Mientras toda nuestra casta idiota de jefes políticos arma una cortina de humo con Venezuela, como ya lo han hecho con cortinas de bombas, y se inventa un concierto para recolectar fondos para darle al país al que los mismos organizadores del concierto han bloqueado (una pantomima que ni la Cruz Roja o la ONU han recomendado), mientras tanto, el país se cae. No importa el hambre ni el desastre del Chocó o la Guajira, ni nuestras decenas de miles de caídos en la calle al disparo de la indiferencia. No importa que desaparezcan los ríos, ni que construyan represas-bombas-de-tiempo, ni que se caigan los puentes, ni el cianuro que se les suministra a los testigos con la misma facilidad con que saben quién activó un carro bomba a la pocas horas de reventado, con nueva modalidad de mártir criollo en átomos, siguiendo la tradición de una justicia efectiva, rápida, maravillosa: la misma facilidad la del discurso público, tan diferente del privado: en público, señoras, en privado, “esto es una coima, marica”. Y esa casta acompañada de otra, mucho más pudiente pero peor de ignorante: artistas del lado de la verdad, supuestamente: quisiera ver al tal Maloma, o a cualquiera de esas estrellas criollas del concierto, cantándole a nuestros niños muertos de hambre, a los líderes asesinados, a las mujeres reprimidas, a las comunidades discriminadas, a los territorios usurpados, a los desplazados errantes. No. Ahora nos dirigen desde afuera los dolores, como si se nos olvidara que acá nos sobran pestes: no se necesita del “je suis”, ni “live aid”, ni ninguna ola maravillosa de afuera, cuando acá tenemos todos los ríos revueltos, dentro. Cuando no secos.

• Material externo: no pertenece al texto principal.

lemma char3_add:
  assumes "CARD('f::{field,finite}) = 3"
  shows "char3 ((a::'f) + b) = char3 a * char3 b"
proof -
  note F = card3_field[OF assms]
  have sums: "(1::'f) + 1 = -1" "(-1::'f) + -1 = 1" "(1::'f) + -1 = 0" "(-1::'f) + 1 = 0"
    using F(4) by (simp_all add: minus_add_distrib[symmetric])
  have vals: "char3 (1::'f) = omega" "char3 (-1::'f) = omega\<^sup>2"
    using F(2,3) by (simp_all add: char3_def)
  have prods: "omega * omega = omega\<^sup>2" "omega\<^sup>2 * omega\<^sup>2 = omega" "omega * omega\<^sup>2 = 1"
    "omega\<^sup>2 * omega = 1"
    using omega_cube by (simp_all add: power2_eq_square power3_eq_cube mult.assoc)
  have "a \<in> {0, 1, -1}" "b \<in> {0, 1, -1}"
    using F(1) by auto
  then show ?thesis
    by (auto simp only: insert_iff empty_iff sums vals prods char3_zero add_0_left add_0_right
        mult_1_left mult_1_right)
qed

lemma char3_sum:
  assumes "CARD('f::{field,finite}) = 3"
  shows "char3 (\<Sum>x\<in>X. (f x :: 'f)) = (\<Prod>x\<in>X. char3 (f x))"
  by (induction X rule: infinite_finite_induct) (simp_all add: char3_add[OF assms])

lemma char3_ne_1:
  assumes "CARD('f::{field,finite}) = 3" and "(c::'f) \<noteq> 0"
  shows "char3 c \<noteq> 1"
  using card3_field_nonzero[OF assms] card3_field(2,3)[OF assms(1)]
  by (auto simp: char3_def omega_ne_1)

lemma sum_char3_scaled:
  assumes "CARD('f::{field,finite}) = 3" and "(c::'f) \<noteq> 0"
  shows "(\<Sum>a\<in>UNIV. char3 (a * c)) = 0"
proof -
  note F = card3_field[OF assms(1)]
  have "(0::'f) \<notin> {1, -1}" "(1::'f) \<notin> {-1}"
    using F(2,3) by auto
  then have "(\<Sum>a\<in>UNIV. char3 (a * c)) = 1 + char3 c + char3 (- c)"
    unfolding F(1) by (simp add: add.assoc)
  also have "\<dots> = 1 + omega + omega\<^sup>2"
    using card3_field_nonzero[OF assms] F(2,3) by (auto simp: char3_def)
  finally show ?thesis
    using one_plus_omega_plus_omega_squared by simp
qed

lemma symp_add_right: "symp chi (a + b) = symp chi a + symp chi b"
  by (simp add: symp_def sum.distrib algebra_simps)

lemma sum_char3_symp_subspace:
  fixes S :: "('f::{field,finite} ^ ('n::finite + 'n)) set"
  assumes F3: "CARD('f) = 3" and sub: "vec.subspace S"
  shows "(\<Sum>s\<in>S. char3 (symp chi s)) = (if chi \<in> symp_perp S then of_nat (card S) else 0)"
proof (cases "chi \<in> symp_perp S")
  case True
  then show ?thesis
    by (simp add: symp_perp_def)
next
  case False
  then obtain s0 where s0: "s0 \<in> S" "symp chi s0 \<noteq> 0"
    by (auto simp: symp_perp_def)
  have "(\<Sum>s\<in>S. char3 (symp chi (s + s0))) = (\<Sum>s\<in>S. char3 (symp chi s))"
    by (rule sum.reindex_bij_witness[of S "\<lambda>t. t - s0" "\<lambda>s. s + s0"])
       (auto simp: vec.subspace_add[OF sub] vec.subspace_diff[OF sub] s0)
  then have "char3 (symp chi s0) * (\<Sum>s\<in>S. char3 (symp chi s)) = (\<Sum>s\<in>S. char3 (symp chi s))"
    by (simp add: symp_add_right char3_add[OF F3] sum_distrib_left mult.commute)
  then have "(char3 (symp chi s0) - 1) * (\<Sum>s\<in>S. char3 (symp chi s)) = 0"
    by (simp add: algebra_simps)
  then show ?thesis
    using char3_ne_1[OF F3 s0(2)] False by simp
qed

lemma sum_char3_pair:
  assumes F3: "CARD('f::{field,finite}) = 3"
  shows "(\<Sum>p\<in>UNIV. complex_of_real (if p = (0, 0) then 1 else z) * char3 (fst p * (y::'f) - x * snd p))
    = complex_of_real (if (x, y) = (0, 0) then 1 + 8 * z else 1 - z)"
proof -
  define g where "g p = char3 (fst p * y - x * snd p)" for p :: "'f \<times> 'f"
  have g_prod: "(\<Sum>p\<in>UNIV. g p) = (\<Sum>a\<in>UNIV. char3 (a * y)) * (\<Sum>b\<in>UNIV. char3 (b * - x))"
  proof -
    have "g p = char3 (fst p * y) * char3 (snd p * - x)" for p
      unfolding g_def by (subst char3_add[OF F3, symmetric]) (simp add: algebra_simps)
    then show ?thesis
      by (simp add: sum_product sum.cartesian_product case_prod_beta UNIV_Times_UNIV[symmetric]
          del: UNIV_Times_UNIV)
  qed
  have g_sum: "(\<Sum>p\<in>UNIV. g p) = (if (x, y) = (0, 0) then 9 else 0)"
  proof (cases "(x, y) = (0, 0)")
    case True
    then show ?thesis
      using F3 by (simp add: g_def card_cartesian_product flip: UNIV_Times_UNIV)
  next
    case False
    then show ?thesis
      unfolding g_prod using sum_char3_scaled[OF F3, of y] sum_char3_scaled[OF F3, of "- x"]
      by (auto simp del: mult_minus_right)
  qed
  have "(\<Sum>p\<in>UNIV. complex_of_real (if p = (0, 0) then 1 else z) * g p)
      = (\<Sum>p\<in>UNIV. complex_of_real z * g p + (if p = (0, 0) then complex_of_real (1 - z) * g p else 0))"
    by (rule sum.cong) (auto simp: algebra_simps)
  also have "\<dots> = complex_of_real z * (\<Sum>p\<in>UNIV. g p) + complex_of_real (1 - z)"
    by (simp add: sum.distrib sum_distrib_left g_def)
  also have "\<dots> = complex_of_real (if (x, y) = (0, 0) then 1 + 8 * z else 1 - z)"
    unfolding g_sum by (simp add: algebra_simps)
  finally show ?thesis
    by (simp add: g_def)
qed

En otro punto de Colombia, casi al tiempo, se celebraba un fiesta frenética de cuatro días, regida fundamentalmente por la vida. Y por las semillas que combatan desde ya la ignorancia en los más pequeños y en los más aislados. Había un desfile casi chamánico de ideas, de cantos, de música, de baile, de trance. Muchas de las voces que deciden no agotarse estaban allá. Retando a la muerte con risa, con ritmo, con poesía, con dolor solidario. Empezando por la gran líder en contra de Hidroituango Isabel Cristina Zuleta y de ahí hacia abajo la pirámide de amor, de resistencia, de fuerza, se erigía. Sucedió en Piedecuesta. Ella y decenas de decenas de músicos, cineastas, escritores, pensadores: olorosísimos líderes sociales, lejos de esa casta arriba mentada. Artistas también, pero mirando antes adentro: a la casa.

Lo que ha logrado el gran músico, y poeta radical, y gran amigo del que lo conozca como amigo, y celebrador de la vida, y mente aguda como pocas, Edson Velandia (junto a su esposa, la también música y también líder y activista la Negra Adriana Lizcano, su familia, el resto de junta directiva, la gran Sandy Morales, Ana Trujillo y Doménico di Marco y su pueblo), con el Festival de la Tigra, Piedecuesta Ruge 2019, no es clasificable. Estuve presentando una película mía y dando una charla, y en lugar de correr en cuanto hacemos lo pactado como nos enseñan a los del cine, opté por quedarme a hacer registro gráfico, y por ahí derecho en mi cabeza auditivo, y anímico, y eufórico y rábico. Me quedé a atestiguar la magia que desde que frecuento he sentido en Piedecuesta: ese hervidero de ánimos, de talento, de locura, de extremos políticos. Ahí sucedió este festival, ya en su tercera edición.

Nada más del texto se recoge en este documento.